Your task — Look through the entries below and extract exactly the lines from the one containing "because exp (-x^6" through the one containing "by (simp add: sums_iff)", ends included.

Stored items
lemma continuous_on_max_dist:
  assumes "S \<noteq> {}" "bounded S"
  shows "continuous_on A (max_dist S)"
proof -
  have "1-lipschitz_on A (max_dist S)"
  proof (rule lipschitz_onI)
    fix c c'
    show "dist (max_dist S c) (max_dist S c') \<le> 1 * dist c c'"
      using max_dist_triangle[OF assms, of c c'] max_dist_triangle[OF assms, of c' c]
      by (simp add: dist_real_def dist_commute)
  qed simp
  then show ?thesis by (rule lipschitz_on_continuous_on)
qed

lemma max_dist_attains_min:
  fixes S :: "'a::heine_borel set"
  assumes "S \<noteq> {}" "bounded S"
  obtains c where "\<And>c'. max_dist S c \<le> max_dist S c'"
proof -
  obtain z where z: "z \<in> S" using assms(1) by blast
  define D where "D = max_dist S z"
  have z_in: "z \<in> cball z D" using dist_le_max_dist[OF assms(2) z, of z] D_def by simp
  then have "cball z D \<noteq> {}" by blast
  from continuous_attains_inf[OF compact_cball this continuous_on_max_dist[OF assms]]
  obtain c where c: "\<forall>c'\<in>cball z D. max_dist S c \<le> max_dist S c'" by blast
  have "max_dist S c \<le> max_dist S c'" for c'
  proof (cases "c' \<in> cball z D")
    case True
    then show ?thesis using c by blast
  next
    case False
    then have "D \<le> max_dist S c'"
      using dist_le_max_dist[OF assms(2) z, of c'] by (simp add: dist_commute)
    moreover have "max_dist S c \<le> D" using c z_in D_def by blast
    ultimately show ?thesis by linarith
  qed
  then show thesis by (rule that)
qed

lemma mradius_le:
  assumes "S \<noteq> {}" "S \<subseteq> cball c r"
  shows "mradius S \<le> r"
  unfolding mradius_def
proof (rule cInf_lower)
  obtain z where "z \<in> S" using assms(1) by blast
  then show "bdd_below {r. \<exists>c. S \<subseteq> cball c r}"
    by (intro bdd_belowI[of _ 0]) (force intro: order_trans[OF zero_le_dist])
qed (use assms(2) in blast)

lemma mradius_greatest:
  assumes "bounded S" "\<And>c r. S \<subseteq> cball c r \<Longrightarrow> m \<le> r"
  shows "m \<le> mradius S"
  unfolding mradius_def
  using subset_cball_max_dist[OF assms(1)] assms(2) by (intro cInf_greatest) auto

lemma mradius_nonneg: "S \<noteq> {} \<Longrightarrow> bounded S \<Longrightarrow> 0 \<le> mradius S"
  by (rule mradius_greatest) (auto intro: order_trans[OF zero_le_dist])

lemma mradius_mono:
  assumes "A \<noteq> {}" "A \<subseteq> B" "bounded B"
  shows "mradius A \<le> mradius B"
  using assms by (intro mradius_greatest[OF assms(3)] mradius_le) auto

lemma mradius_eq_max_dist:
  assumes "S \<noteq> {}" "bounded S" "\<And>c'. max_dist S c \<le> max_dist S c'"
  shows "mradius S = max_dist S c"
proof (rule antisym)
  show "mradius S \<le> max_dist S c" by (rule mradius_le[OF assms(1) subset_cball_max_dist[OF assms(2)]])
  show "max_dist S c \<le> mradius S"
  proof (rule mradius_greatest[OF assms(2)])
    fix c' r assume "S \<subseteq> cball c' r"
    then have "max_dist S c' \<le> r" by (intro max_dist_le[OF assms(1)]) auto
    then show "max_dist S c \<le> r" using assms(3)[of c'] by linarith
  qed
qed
--
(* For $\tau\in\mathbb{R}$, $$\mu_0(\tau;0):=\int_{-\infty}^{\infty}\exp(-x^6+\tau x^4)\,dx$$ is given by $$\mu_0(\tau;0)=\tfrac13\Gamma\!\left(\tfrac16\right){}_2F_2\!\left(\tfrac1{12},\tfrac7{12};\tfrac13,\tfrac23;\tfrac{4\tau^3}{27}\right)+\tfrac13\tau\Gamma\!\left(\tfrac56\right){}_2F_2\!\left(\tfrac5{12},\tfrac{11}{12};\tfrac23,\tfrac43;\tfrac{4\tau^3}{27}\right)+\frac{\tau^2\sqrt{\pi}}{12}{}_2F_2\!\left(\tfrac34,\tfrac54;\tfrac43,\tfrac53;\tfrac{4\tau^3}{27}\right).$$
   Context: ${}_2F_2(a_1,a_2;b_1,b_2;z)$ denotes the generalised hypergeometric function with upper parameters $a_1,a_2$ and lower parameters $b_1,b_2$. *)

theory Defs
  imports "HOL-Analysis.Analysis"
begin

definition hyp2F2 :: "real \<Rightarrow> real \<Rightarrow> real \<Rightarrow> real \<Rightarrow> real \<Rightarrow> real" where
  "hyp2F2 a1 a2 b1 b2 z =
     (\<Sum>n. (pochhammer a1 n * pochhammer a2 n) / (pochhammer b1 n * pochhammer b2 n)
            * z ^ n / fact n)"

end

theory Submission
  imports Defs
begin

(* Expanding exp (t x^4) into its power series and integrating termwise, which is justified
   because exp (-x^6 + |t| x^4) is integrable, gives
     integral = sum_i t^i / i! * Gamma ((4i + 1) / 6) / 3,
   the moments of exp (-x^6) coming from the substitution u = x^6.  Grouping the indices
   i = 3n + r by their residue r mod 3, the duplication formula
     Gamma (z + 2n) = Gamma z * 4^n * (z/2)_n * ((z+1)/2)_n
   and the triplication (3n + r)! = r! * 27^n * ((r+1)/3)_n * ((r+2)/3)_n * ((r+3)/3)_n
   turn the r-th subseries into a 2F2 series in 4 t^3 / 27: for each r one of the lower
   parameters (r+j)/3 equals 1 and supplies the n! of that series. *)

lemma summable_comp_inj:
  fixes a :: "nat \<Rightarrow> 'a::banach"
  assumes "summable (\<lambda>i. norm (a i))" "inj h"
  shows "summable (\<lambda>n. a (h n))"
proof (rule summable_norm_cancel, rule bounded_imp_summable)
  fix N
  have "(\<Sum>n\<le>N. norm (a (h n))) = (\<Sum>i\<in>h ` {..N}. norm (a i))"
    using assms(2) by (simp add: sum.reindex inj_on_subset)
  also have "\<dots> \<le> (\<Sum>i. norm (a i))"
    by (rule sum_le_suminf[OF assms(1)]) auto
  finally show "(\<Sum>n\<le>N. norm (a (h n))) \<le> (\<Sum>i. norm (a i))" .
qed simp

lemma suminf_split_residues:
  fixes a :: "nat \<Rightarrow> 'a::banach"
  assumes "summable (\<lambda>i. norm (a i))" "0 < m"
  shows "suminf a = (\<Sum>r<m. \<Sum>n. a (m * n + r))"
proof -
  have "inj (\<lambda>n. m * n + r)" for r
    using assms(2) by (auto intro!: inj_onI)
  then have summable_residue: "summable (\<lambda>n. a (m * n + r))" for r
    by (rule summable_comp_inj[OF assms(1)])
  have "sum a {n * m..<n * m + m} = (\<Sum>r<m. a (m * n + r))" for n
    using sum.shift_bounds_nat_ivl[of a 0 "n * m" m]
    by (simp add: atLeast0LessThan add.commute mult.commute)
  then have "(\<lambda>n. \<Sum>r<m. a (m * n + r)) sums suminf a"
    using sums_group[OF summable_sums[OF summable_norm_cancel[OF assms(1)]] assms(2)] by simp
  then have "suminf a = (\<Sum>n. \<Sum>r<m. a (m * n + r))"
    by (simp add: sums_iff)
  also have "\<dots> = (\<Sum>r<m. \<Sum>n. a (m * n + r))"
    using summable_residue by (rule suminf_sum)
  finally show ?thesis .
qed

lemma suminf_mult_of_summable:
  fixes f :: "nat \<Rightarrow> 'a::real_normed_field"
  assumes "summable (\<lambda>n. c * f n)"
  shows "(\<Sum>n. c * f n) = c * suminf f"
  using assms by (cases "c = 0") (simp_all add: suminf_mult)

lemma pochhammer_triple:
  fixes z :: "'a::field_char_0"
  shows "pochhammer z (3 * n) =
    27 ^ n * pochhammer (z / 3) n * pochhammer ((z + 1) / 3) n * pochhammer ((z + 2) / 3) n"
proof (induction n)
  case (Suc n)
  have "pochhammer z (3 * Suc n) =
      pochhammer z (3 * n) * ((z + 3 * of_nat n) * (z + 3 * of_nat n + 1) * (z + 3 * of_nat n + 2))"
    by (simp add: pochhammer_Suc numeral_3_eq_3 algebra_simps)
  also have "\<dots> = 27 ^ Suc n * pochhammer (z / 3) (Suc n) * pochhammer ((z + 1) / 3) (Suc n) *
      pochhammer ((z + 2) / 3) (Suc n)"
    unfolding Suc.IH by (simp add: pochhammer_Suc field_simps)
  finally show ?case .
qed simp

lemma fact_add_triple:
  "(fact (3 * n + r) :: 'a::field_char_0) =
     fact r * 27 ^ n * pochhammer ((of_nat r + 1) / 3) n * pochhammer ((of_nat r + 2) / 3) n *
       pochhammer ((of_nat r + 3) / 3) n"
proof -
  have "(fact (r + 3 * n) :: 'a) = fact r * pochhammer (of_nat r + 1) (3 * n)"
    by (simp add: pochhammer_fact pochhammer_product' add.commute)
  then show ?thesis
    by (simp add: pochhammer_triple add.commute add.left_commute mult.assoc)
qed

Your solution —
   because exp (-x^6 + |t| x^4) is integrable, gives
     integral = sum_i t^i / i! * Gamma ((4i + 1) / 6) / 3,
   the moments of exp (-x^6) coming from the substitution u = x^6.  Grouping the indices
   i = 3n + r by their residue r mod 3, the duplication formula
     Gamma (z + 2n) = Gamma z * 4^n * (z/2)_n * ((z+1)/2)_n
   and the triplication (3n + r)! = r! * 27^n * ((r+1)/3)_n * ((r+2)/3)_n * ((r+3)/3)_n
   turn the r-th subseries into a 2F2 series in 4 t^3 / 27: for each r one of the lower
   parameters (r+j)/3 equals 1 and supplies the n! of that series. *)

lemma summable_comp_inj:
  fixes a :: "nat \<Rightarrow> 'a::banach"
  assumes "summable (\<lambda>i. norm (a i))" "inj h"
  shows "summable (\<lambda>n. a (h n))"
proof (rule summable_norm_cancel, rule bounded_imp_summable)
  fix N
  have "(\<Sum>n\<le>N. norm (a (h n))) = (\<Sum>i\<in>h ` {..N}. norm (a i))"
    using assms(2) by (simp add: sum.reindex inj_on_subset)
  also have "\<dots> \<le> (\<Sum>i. norm (a i))"
    by (rule sum_le_suminf[OF assms(1)]) auto
  finally show "(\<Sum>n\<le>N. norm (a (h n))) \<le> (\<Sum>i. norm (a i))" .
qed simp

lemma suminf_split_residues:
  fixes a :: "nat \<Rightarrow> 'a::banach"
  assumes "summable (\<lambda>i. norm (a i))" "0 < m"
  shows "suminf a = (\<Sum>r<m. \<Sum>n. a (m * n + r))"
proof -
  have "inj (\<lambda>n. m * n + r)" for r
    using assms(2) by (auto intro!: inj_onI)
  then have summable_residue: "summable (\<lambda>n. a (m * n + r))" for r
    by (rule summable_comp_inj[OF assms(1)])
  have "sum a {n * m..<n * m + m} = (\<Sum>r<m. a (m * n + r))" for n
    using sum.shift_bounds_nat_ivl[of a 0 "n * m" m]
    by (simp add: atLeast0LessThan add.commute mult.commute)
  then have "(\<lambda>n. \<Sum>r<m. a (m * n + r)) sums suminf a"
    using sums_group[OF summable_sums[OF summable_norm_cancel[OF assms(1)]] assms(2)] by simp
  then have "suminf a = (\<Sum>n. \<Sum>r<m. a (m * n + r))"
    by (simp add: sums_iff)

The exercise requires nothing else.